Among the lines of the records, find all that carry the word "proof" and copy them.

##########

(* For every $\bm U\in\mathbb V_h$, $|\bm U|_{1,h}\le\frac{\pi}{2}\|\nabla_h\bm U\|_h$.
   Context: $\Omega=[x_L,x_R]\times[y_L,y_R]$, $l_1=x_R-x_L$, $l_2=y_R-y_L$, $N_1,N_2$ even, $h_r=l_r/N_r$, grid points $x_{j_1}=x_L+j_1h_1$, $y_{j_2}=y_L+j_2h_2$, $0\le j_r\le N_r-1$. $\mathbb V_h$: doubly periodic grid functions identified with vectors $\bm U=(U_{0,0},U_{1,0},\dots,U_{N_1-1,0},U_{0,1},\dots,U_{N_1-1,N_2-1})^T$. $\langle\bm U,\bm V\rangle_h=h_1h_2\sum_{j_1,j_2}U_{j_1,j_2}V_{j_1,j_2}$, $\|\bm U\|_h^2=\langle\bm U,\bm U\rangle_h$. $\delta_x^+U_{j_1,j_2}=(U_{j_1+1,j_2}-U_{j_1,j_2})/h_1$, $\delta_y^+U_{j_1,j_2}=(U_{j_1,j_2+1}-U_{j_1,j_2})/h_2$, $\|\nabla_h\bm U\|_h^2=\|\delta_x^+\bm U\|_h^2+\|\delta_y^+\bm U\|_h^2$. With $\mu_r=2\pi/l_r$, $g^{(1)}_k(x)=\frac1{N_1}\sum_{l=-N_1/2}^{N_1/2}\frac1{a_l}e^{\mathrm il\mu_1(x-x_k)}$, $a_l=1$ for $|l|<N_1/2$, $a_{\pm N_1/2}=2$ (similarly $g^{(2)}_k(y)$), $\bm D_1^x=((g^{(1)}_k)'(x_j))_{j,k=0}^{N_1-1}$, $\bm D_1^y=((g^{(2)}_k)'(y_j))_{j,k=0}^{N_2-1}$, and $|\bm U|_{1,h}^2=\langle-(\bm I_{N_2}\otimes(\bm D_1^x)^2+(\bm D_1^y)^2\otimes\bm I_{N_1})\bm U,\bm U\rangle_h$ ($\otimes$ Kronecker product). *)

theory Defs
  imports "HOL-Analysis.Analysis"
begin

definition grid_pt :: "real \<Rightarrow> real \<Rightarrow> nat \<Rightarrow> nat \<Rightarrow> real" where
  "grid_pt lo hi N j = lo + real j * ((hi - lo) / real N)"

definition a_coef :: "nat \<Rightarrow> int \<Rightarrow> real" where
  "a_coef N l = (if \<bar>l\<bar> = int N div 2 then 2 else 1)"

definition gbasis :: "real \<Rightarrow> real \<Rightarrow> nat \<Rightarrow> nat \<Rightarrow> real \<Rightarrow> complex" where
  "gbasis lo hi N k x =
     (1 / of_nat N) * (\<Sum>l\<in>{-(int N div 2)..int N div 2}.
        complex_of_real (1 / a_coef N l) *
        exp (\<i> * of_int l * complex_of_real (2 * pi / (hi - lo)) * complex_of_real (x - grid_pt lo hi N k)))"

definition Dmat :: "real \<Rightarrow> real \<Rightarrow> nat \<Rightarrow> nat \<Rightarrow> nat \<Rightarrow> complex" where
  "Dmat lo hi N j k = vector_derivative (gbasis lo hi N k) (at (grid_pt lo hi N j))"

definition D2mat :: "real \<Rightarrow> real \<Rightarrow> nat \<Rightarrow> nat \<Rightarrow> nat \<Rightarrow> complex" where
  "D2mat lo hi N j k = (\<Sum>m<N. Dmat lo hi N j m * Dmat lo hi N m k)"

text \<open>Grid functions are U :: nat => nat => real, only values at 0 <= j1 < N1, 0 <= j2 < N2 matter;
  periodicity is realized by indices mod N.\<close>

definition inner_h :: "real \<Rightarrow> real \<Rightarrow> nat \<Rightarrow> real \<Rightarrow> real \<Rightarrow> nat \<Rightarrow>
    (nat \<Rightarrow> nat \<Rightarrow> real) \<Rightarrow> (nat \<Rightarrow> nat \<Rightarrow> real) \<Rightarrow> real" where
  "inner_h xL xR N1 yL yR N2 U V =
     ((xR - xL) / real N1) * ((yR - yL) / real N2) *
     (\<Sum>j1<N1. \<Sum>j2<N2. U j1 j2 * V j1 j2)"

##########

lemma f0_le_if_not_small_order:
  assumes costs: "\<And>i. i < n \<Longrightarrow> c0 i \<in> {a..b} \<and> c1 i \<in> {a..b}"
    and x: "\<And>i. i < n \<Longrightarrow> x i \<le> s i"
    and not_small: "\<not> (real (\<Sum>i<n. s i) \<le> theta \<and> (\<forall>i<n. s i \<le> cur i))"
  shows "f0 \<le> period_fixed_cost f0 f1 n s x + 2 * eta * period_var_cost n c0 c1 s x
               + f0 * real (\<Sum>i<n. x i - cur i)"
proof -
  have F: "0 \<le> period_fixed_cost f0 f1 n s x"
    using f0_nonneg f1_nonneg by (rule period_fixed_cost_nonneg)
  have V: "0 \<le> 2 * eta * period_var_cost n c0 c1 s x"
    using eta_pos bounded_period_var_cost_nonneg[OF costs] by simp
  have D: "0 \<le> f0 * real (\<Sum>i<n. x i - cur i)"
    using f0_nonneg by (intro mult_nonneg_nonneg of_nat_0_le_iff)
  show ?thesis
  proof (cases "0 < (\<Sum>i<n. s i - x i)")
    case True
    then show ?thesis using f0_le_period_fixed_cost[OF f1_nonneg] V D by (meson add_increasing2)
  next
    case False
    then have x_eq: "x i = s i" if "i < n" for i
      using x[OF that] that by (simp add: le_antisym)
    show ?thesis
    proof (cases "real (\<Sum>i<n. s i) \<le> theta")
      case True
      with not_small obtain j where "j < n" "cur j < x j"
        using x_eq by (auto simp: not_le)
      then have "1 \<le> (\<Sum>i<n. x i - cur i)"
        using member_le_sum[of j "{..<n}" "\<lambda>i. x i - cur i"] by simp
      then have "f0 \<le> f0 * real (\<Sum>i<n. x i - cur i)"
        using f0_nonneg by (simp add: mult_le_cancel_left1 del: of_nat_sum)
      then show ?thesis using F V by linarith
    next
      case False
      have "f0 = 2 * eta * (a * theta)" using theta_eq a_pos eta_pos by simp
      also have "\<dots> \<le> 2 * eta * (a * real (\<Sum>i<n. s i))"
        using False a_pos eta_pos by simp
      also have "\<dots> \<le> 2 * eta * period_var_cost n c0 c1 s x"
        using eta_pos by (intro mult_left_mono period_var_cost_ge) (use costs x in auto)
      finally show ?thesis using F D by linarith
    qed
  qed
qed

##########

[WORKED SOLUTION]
proof -
  proof (cases "0 < (\<Sum>i<n. s i - x i)")
    proof (cases "real (\<Sum>i<n. s i) \<le> theta")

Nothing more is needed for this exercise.